▸ **DESCRIPTION OF THE TASK**
What is the number of lines in the data that contain "flip"? Respond with nothing else.

▸ **THE INPUT**
= Beginning of Section =

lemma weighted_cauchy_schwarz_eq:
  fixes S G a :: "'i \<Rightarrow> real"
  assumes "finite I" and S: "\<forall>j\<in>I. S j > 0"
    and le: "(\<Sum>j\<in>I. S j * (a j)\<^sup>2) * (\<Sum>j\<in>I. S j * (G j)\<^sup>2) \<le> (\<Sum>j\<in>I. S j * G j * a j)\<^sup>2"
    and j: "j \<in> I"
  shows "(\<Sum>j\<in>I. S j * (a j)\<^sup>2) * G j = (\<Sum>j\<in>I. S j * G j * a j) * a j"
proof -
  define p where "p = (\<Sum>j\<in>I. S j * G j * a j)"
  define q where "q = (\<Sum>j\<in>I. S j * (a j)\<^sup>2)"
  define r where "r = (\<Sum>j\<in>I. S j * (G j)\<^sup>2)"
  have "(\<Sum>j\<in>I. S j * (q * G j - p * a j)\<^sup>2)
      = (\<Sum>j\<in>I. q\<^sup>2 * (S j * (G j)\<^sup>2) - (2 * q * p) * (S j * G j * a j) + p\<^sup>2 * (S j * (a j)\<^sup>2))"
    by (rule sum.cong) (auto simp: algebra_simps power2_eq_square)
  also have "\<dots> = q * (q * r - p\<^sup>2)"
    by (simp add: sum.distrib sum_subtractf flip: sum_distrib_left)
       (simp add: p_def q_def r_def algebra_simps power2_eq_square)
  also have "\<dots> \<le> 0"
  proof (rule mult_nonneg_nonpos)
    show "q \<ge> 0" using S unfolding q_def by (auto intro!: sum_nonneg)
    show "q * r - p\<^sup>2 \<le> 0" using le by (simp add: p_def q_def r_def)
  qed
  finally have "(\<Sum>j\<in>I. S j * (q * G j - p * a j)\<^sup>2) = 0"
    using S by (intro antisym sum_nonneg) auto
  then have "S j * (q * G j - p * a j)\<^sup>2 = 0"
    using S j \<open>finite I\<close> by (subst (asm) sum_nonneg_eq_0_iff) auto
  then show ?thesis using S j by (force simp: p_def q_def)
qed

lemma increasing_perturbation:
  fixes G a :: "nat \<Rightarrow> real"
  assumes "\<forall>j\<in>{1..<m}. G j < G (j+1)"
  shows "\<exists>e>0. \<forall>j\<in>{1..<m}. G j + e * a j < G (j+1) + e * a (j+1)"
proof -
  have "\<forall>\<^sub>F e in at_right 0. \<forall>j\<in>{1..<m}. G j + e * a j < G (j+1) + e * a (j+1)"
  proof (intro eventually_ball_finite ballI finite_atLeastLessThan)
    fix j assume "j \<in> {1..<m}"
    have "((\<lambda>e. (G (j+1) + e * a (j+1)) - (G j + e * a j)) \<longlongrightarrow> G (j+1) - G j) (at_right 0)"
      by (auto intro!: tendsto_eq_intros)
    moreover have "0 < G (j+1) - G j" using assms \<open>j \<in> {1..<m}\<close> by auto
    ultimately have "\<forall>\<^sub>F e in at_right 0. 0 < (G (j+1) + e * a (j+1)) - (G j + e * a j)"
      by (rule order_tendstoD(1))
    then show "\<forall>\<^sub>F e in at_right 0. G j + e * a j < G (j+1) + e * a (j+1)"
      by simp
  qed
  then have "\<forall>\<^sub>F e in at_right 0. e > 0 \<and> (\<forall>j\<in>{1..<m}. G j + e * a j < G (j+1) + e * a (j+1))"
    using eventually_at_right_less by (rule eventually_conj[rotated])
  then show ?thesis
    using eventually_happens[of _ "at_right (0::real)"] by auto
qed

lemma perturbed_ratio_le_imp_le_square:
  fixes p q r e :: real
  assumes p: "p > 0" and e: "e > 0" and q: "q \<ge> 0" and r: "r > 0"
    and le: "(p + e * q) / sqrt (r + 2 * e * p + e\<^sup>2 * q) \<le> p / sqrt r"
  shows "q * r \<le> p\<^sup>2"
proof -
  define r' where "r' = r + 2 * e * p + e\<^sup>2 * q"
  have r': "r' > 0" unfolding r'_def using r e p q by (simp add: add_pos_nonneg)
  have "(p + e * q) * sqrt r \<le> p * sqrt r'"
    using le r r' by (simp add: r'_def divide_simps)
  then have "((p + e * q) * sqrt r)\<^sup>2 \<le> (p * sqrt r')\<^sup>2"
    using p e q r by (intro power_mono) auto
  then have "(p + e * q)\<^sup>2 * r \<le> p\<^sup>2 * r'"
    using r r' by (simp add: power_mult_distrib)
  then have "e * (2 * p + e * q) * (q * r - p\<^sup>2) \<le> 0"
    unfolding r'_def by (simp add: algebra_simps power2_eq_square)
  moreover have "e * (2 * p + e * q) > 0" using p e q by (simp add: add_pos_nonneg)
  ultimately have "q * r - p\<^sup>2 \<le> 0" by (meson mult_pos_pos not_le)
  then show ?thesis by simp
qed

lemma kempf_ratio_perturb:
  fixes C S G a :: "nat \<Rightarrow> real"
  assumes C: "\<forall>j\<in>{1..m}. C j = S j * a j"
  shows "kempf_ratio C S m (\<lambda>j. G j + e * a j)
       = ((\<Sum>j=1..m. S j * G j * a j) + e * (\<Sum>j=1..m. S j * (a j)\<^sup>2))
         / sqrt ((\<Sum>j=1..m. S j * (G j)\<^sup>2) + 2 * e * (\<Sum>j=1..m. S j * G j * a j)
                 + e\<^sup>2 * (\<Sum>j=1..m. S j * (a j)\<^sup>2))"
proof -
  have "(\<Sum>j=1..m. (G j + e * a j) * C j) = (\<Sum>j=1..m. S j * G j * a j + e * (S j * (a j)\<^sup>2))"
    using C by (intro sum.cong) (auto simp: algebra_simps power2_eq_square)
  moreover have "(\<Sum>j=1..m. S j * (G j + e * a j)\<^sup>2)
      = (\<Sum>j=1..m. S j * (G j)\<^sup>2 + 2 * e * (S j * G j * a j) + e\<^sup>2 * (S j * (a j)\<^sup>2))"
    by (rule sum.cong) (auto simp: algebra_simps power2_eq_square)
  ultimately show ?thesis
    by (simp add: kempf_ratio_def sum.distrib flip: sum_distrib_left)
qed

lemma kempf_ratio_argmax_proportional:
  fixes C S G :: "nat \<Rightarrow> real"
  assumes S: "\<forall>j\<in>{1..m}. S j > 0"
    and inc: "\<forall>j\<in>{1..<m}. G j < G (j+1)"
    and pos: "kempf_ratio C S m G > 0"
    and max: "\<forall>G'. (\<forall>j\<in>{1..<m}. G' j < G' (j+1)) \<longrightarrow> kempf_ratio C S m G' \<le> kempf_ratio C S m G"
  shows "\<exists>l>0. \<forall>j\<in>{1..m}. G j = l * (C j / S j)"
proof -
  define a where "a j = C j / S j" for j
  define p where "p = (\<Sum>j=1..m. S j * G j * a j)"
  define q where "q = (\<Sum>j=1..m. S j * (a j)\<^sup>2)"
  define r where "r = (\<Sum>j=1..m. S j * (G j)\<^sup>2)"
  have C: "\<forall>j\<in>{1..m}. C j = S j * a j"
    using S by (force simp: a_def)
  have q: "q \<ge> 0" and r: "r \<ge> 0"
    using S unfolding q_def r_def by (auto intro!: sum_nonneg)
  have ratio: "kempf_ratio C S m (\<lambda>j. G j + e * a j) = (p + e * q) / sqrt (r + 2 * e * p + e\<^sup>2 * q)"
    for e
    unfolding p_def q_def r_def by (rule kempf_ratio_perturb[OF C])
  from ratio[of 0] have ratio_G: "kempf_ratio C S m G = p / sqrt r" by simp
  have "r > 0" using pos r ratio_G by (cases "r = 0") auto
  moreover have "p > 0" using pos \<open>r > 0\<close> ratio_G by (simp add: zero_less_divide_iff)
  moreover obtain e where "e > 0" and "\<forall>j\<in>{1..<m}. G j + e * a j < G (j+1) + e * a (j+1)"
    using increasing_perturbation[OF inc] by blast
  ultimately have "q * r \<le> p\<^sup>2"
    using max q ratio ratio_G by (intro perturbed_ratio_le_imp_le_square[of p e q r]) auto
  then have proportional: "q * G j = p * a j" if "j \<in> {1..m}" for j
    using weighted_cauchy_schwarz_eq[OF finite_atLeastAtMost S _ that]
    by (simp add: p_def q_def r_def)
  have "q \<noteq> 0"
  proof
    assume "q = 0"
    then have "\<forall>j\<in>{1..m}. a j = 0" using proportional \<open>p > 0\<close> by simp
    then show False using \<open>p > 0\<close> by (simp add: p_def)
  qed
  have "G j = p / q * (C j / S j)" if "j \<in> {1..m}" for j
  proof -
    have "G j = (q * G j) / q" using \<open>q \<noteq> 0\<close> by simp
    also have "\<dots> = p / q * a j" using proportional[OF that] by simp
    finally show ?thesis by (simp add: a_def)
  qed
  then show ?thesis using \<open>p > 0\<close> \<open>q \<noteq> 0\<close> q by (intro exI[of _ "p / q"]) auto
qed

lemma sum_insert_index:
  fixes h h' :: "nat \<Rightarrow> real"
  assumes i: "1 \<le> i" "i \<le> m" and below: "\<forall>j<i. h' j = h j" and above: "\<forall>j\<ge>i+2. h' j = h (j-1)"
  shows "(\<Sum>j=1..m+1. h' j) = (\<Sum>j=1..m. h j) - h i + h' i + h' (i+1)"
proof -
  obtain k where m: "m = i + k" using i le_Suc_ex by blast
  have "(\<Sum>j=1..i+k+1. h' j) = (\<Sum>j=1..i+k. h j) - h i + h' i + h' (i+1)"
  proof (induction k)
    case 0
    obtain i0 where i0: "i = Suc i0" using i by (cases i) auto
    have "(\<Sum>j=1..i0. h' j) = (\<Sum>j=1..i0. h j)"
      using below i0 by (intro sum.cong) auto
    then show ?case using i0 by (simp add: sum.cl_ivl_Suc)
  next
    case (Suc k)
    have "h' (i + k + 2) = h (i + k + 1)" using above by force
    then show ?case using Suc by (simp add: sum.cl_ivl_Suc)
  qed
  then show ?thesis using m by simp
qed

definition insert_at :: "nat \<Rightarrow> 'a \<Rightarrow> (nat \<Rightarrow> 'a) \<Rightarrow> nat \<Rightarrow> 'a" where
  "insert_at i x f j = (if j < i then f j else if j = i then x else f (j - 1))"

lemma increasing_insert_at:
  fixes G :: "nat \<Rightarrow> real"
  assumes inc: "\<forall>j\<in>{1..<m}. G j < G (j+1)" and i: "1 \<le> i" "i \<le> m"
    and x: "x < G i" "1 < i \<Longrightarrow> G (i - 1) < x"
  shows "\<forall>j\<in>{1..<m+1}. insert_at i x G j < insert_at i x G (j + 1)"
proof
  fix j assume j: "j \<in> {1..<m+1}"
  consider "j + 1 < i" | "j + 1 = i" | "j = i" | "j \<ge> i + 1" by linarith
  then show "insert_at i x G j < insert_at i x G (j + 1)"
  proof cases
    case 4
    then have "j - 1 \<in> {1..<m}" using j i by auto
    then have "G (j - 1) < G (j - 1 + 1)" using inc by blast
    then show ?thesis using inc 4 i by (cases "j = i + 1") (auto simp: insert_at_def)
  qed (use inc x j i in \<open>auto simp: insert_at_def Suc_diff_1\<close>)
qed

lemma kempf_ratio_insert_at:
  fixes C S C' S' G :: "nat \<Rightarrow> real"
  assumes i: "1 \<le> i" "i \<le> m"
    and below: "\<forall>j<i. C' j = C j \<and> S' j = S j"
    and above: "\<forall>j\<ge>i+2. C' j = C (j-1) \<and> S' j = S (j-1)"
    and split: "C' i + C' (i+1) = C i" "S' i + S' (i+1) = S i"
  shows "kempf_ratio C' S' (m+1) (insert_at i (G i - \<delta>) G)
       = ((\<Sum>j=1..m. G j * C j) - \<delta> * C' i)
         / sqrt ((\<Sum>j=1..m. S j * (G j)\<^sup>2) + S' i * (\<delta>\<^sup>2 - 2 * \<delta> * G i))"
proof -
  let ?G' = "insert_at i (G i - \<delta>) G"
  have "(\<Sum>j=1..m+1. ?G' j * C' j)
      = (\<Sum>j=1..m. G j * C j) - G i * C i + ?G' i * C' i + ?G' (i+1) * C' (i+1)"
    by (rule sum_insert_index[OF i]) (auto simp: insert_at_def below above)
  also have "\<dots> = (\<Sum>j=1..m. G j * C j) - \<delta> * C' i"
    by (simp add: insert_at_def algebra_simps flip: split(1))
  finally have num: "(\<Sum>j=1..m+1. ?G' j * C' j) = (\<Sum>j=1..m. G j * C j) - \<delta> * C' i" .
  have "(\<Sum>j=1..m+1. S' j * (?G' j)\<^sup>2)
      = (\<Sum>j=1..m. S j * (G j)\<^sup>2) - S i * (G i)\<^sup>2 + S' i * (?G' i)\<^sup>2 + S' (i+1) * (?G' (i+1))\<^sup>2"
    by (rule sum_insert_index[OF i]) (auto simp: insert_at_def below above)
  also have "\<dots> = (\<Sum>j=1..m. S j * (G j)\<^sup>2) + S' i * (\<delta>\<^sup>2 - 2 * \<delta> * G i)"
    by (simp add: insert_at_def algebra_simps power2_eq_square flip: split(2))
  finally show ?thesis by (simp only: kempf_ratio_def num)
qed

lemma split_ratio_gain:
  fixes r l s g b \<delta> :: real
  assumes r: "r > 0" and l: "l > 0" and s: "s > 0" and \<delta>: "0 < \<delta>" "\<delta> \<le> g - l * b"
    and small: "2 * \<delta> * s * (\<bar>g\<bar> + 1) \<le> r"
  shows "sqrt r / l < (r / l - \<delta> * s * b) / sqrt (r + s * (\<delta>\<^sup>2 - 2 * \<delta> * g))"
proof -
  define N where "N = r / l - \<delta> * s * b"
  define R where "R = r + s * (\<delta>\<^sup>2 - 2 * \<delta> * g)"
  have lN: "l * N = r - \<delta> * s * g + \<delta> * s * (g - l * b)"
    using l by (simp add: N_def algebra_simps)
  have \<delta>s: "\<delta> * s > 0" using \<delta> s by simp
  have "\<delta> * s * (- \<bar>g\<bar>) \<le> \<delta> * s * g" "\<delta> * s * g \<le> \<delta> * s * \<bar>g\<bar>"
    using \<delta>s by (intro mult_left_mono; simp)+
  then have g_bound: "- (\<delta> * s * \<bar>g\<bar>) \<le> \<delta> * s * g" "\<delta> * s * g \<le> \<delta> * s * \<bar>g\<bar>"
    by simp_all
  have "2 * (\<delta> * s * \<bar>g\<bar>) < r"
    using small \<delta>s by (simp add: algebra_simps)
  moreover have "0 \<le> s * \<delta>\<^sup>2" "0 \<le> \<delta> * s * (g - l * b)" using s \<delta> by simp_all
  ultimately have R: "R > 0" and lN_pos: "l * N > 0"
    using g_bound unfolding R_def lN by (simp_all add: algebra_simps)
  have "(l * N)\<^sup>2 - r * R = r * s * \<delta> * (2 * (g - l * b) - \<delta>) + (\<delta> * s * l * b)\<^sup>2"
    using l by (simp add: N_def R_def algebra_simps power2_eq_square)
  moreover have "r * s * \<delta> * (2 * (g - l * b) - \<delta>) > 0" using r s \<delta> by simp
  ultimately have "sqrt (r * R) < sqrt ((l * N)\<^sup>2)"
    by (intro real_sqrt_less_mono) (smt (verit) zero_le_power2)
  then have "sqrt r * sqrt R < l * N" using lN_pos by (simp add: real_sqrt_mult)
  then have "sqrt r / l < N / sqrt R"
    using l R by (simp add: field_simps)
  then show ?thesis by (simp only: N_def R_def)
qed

= End of Section =
= Beginning of Section =

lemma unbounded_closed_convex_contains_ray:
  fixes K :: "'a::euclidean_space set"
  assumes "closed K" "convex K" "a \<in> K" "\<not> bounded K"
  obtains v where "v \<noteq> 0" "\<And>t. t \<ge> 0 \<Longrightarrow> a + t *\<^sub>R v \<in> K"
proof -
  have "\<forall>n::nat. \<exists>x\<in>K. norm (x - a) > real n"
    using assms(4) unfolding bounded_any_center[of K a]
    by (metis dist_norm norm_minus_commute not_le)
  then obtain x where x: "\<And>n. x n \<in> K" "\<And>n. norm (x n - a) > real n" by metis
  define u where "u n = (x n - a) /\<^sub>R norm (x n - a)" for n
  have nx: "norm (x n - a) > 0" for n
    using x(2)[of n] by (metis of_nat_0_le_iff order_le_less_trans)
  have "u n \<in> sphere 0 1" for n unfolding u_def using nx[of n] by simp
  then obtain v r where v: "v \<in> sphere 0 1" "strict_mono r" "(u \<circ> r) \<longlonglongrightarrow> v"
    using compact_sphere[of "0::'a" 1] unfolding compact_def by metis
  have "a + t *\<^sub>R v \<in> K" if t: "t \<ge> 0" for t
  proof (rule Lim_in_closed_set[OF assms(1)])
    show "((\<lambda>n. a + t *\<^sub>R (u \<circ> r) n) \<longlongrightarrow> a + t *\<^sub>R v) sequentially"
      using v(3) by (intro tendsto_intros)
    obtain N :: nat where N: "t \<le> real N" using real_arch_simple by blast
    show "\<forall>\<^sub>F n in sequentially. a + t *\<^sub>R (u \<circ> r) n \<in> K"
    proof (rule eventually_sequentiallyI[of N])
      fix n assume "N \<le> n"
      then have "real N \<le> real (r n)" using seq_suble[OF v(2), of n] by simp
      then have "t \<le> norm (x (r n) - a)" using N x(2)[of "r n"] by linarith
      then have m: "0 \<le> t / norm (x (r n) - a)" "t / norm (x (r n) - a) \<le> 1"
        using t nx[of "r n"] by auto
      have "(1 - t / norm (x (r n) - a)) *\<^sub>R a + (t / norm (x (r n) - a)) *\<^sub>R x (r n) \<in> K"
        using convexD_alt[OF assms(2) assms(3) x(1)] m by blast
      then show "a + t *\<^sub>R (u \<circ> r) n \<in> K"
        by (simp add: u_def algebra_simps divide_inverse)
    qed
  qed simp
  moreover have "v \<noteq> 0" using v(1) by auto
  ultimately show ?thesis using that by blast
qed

= End of Section =

▸ **TASK OUTPUT**
4